Saved entries:
____________________

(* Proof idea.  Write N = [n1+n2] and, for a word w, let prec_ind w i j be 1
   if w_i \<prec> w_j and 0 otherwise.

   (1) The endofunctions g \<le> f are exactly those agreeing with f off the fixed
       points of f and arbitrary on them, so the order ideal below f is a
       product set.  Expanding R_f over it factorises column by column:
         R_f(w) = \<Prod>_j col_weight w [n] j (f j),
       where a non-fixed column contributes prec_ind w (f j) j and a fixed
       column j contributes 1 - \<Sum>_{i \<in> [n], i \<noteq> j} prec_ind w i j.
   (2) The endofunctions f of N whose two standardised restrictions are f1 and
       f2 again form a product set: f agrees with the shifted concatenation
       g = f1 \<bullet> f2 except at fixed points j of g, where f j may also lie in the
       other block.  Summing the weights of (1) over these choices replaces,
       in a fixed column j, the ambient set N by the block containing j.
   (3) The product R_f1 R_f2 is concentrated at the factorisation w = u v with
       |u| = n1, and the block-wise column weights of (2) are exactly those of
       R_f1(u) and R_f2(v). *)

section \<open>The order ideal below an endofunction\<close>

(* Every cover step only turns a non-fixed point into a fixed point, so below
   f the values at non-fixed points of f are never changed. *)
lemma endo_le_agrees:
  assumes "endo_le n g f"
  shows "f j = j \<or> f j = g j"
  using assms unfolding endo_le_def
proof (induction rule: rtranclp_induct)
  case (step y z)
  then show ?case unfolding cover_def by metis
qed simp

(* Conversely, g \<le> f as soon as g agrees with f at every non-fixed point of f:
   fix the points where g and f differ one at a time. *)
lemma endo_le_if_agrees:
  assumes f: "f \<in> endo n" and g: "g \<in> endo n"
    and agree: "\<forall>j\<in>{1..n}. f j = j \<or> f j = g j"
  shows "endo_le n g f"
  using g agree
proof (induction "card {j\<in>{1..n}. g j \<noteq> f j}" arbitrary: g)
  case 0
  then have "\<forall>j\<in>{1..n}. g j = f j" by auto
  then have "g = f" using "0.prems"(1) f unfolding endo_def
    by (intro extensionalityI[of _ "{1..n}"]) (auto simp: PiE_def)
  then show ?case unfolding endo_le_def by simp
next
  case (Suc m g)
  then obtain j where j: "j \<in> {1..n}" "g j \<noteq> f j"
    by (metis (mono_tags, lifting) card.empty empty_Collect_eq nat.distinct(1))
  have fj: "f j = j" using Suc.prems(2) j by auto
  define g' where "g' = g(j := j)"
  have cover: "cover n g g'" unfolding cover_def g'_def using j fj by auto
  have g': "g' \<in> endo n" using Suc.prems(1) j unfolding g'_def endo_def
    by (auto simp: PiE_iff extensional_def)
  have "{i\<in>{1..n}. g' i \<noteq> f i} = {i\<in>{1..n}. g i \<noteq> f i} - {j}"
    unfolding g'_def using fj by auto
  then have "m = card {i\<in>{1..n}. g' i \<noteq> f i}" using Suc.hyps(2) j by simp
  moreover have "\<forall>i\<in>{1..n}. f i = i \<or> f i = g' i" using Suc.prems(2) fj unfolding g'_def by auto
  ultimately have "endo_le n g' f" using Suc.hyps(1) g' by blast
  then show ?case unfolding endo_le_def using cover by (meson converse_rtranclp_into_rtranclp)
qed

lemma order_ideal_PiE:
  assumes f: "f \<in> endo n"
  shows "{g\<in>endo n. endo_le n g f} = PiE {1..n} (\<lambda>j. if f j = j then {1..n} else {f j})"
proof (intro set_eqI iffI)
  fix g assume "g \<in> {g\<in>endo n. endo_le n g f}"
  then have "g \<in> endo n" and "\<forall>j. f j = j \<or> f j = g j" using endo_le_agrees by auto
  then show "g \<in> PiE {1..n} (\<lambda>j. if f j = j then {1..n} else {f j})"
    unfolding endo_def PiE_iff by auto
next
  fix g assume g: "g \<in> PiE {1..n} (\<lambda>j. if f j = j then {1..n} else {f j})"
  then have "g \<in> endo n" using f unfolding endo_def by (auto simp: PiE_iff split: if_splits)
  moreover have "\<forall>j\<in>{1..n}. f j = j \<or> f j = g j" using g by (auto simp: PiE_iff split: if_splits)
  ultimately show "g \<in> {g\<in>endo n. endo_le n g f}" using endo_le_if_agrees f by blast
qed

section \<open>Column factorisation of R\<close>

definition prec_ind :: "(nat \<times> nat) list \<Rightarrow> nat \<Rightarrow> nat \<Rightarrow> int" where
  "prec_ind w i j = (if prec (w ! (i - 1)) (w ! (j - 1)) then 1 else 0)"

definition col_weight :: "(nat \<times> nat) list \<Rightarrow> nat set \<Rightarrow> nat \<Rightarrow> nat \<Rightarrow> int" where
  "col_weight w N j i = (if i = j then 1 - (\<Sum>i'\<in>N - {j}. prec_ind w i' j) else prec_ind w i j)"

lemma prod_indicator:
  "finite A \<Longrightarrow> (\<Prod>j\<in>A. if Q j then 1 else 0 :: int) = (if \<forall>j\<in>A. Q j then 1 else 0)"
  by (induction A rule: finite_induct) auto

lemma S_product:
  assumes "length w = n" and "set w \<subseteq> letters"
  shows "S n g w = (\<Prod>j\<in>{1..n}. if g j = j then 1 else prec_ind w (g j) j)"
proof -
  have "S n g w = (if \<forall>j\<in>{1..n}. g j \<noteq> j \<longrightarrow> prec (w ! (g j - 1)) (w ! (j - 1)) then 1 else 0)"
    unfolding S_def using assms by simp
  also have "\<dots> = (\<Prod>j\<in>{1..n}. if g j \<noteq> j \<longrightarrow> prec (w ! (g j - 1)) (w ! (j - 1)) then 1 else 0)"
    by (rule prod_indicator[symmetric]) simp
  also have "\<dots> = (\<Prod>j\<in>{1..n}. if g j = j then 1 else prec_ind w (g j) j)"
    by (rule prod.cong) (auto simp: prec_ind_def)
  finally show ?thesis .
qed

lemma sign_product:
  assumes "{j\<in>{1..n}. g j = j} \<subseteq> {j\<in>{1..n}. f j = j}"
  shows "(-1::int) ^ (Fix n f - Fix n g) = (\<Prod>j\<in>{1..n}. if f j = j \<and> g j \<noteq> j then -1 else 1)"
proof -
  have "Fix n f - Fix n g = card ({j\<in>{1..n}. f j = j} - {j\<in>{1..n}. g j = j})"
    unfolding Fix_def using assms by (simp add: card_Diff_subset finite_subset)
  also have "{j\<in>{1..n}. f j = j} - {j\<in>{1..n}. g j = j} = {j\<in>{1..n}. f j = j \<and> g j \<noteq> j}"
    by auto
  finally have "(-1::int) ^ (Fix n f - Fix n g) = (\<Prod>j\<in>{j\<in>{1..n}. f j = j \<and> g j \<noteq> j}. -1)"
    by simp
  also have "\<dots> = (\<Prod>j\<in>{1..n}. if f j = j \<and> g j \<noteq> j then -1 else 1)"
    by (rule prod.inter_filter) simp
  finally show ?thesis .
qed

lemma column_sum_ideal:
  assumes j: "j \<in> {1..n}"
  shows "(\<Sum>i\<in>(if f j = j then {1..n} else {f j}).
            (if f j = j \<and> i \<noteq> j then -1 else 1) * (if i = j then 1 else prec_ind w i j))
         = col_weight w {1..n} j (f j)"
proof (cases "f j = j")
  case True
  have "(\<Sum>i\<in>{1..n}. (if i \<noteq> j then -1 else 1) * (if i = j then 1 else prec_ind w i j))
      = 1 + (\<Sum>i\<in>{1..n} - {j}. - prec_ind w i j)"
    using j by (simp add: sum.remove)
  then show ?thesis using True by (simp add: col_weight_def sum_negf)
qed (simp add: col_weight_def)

____________________

**EXERCISE AIM:** Go through the records and copy each one exactly.

**RESPONSE BOX:**
(* Proof idea.  Write N = [n1+n2] and, for a word w, let prec_ind w i j be 1
   if w_i \<prec> w_j and 0 otherwise.

   (1) The endofunctions g \<le> f are exactly those agreeing with f off the fixed
       points of f and arbitrary on them, so the order ideal below f is a
       product set.  Expanding R_f over it factorises column by column:
         R_f(w) = \<Prod>_j col_weight w [n] j (f j),
       where a non-fixed column contributes prec_ind w (f j) j and a fixed
       column j contributes 1 - \<Sum>_{i \<in> [n], i \<noteq> j} prec_ind w i j.
   (2) The endofunctions f of N whose two standardised restrictions are f1 and
       f2 again form a product set: f agrees with the shifted concatenation
       g = f1 \<bullet> f2 except at fixed points j of g, where f j may also lie in the
       other block.  Summing the weights of (1) over these choices replaces,
       in a fixed column j, the ambient set N by the block containing j.
   (3) The product R_f1 R_f2 is concentrated at the factorisation w = u v with
       |u| = n1, and the block-wise column weights of (2) are exactly those of
       R_f1(u) and R_f2(v). *)

section \<open>The order ideal below an endofunction\<close>

(* Every cover step only turns a non-fixed point into a fixed point, so below
   f the values at non-fixed points of f are never changed. *)
lemma endo_le_agrees:
  assumes "endo_le n g f"
  shows "f j = j \<or> f j = g j"
  using assms unfolding endo_le_def
proof (induction rule: rtranclp_induct)
  case (step y z)
  then show ?case unfolding cover_def by metis
qed simp

(* Conversely, g \<le> f as soon as g agrees with f at every non-fixed point of f:
   fix the points where g and f differ one at a time. *)
lemma endo_le_if_agrees:
  assumes f: "f \<in> endo n" and g: "g \<in> endo n"
    and agree: "\<forall>j\<in>{1..n}. f j = j \<or> f j = g j"
  shows "endo_le n g f"
  using g agree
proof (induction "card {j\<in>{1..n}. g j \<noteq> f j}" arbitrary: g)
  case 0
  then have "\<forall>j\<in>{1..n}. g j = f j" by auto
  then have "g = f" using "0.prems"(1) f unfolding endo_def
    by (intro extensionalityI[of _ "{1..n}"]) (auto simp: PiE_def)
  then show ?case unfolding endo_le_def by simp
next
  case (Suc m g)
  then obtain j where j: "j \<in> {1..n}" "g j \<noteq> f j"
    by (metis (mono_tags, lifting) card.empty empty_Collect_eq nat.distinct(1))
  have fj: "f j = j" using Suc.prems(2) j by auto
  define g' where "g' = g(j := j)"
  have cover: "cover n g g'" unfolding cover_def g'_def using j fj by auto
  have g': "g' \<in> endo n" using Suc.prems(1) j unfolding g'_def endo_def
    by (auto simp: PiE_iff extensional_def)
  have "{i\<in>{1..n}. g' i \<noteq> f i} = {i\<in>{1..n}. g i \<noteq> f i} - {j}"
    unfolding g'_def using fj by auto
  then have "m = card {i\<in>{1..n}. g' i \<noteq> f i}" using Suc.hyps(2) j by simp
  moreover have "\<forall>i\<in>{1..n}. f i = i \<or> f i = g' i" using Suc.prems(2) fj unfolding g'_def by auto
  ultimately have "endo_le n g' f" using Suc.hyps(1) g' by blast
  then show ?case unfolding endo_le_def using cover by (meson converse_rtranclp_into_rtranclp)
qed

lemma order_ideal_PiE:
  assumes f: "f \<in> endo n"
  shows "{g\<in>endo n. endo_le n g f} = PiE {1..n} (\<lambda>j. if f j = j then {1..n} else {f j})"
proof (intro set_eqI iffI)
  fix g assume "g \<in> {g\<in>endo n. endo_le n g f}"
  then have "g \<in> endo n" and "\<forall>j. f j = j \<or> f j = g j" using endo_le_agrees by auto
  then show "g \<in> PiE {1..n} (\<lambda>j. if f j = j then {1..n} else {f j})"
    unfolding endo_def PiE_iff by auto
next
  fix g assume g: "g \<in> PiE {1..n} (\<lambda>j. if f j = j then {1..n} else {f j})"
  then have "g \<in> endo n" using f unfolding endo_def by (auto simp: PiE_iff split: if_splits)
  moreover have "\<forall>j\<in>{1..n}. f j = j \<or> f j = g j" using g by (auto simp: PiE_iff split: if_splits)
  ultimately show "g \<in> {g\<in>endo n. endo_le n g f}" using endo_le_if_agrees f by blast
qed

section \<open>Column factorisation of R\<close>

definition prec_ind :: "(nat \<times> nat) list \<Rightarrow> nat \<Rightarrow> nat \<Rightarrow> int" where
  "prec_ind w i j = (if prec (w ! (i - 1)) (w ! (j - 1)) then 1 else 0)"

definition col_weight :: "(nat \<times> nat) list \<Rightarrow> nat set \<Rightarrow> nat \<Rightarrow> nat \<Rightarrow> int" where
  "col_weight w N j i = (if i = j then 1 - (\<Sum>i'\<in>N - {j}. prec_ind w i' j) else prec_ind w i j)"

lemma prod_indicator:
  "finite A \<Longrightarrow> (\<Prod>j\<in>A. if Q j then 1 else 0 :: int) = (if \<forall>j\<in>A. Q j then 1 else 0)"
  by (induction A rule: finite_induct) auto

lemma S_product:
  assumes "length w = n" and "set w \<subseteq> letters"
  shows "S n g w = (\<Prod>j\<in>{1..n}. if g j = j then 1 else prec_ind w (g j) j)"
proof -
  have "S n g w = (if \<forall>j\<in>{1..n}. g j \<noteq> j \<longrightarrow> prec (w ! (g j - 1)) (w ! (j - 1)) then 1 else 0)"
    unfolding S_def using assms by simp
  also have "\<dots> = (\<Prod>j\<in>{1..n}. if g j \<noteq> j \<longrightarrow> prec (w ! (g j - 1)) (w ! (j - 1)) then 1 else 0)"
    by (rule prod_indicator[symmetric]) simp
  also have "\<dots> = (\<Prod>j\<in>{1..n}. if g j = j then 1 else prec_ind w (g j) j)"
    by (rule prod.cong) (auto simp: prec_ind_def)
  finally show ?thesis .
qed

lemma sign_product:
  assumes "{j\<in>{1..n}. g j = j} \<subseteq> {j\<in>{1..n}. f j = j}"
  shows "(-1::int) ^ (Fix n f - Fix n g) = (\<Prod>j\<in>{1..n}. if f j = j \<and> g j \<noteq> j then -1 else 1)"
proof -
  have "Fix n f - Fix n g = card ({j\<in>{1..n}. f j = j} - {j\<in>{1..n}. g j = j})"
    unfolding Fix_def using assms by (simp add: card_Diff_subset finite_subset)
  also have "{j\<in>{1..n}. f j = j} - {j\<in>{1..n}. g j = j} = {j\<in>{1..n}. f j = j \<and> g j \<noteq> j}"
    by auto
  finally have "(-1::int) ^ (Fix n f - Fix n g) = (\<Prod>j\<in>{j\<in>{1..n}. f j = j \<and> g j \<noteq> j}. -1)"
    by simp
  also have "\<dots> = (\<Prod>j\<in>{1..n}. if f j = j \<and> g j \<noteq> j then -1 else 1)"
    by (rule prod.inter_filter) simp
  finally show ?thesis .
qed

lemma column_sum_ideal:
  assumes j: "j \<in> {1..n}"
  shows "(\<Sum>i\<in>(if f j = j then {1..n} else {f j}).
            (if f j = j \<and> i \<noteq> j then -1 else 1) * (if i = j then 1 else prec_ind w i j))
         = col_weight w {1..n} j (f j)"
proof (cases "f j = j")
  case True
  have "(\<Sum>i\<in>{1..n}. (if i \<noteq> j then -1 else 1) * (if i = j then 1 else prec_ind w i j))
      = 1 + (\<Sum>i\<in>{1..n} - {j}. - prec_ind w i j)"
    using j by (simp add: sum.remove)
  then show ?thesis using True by (simp add: col_weight_def sum_negf)
qed (simp add: col_weight_def)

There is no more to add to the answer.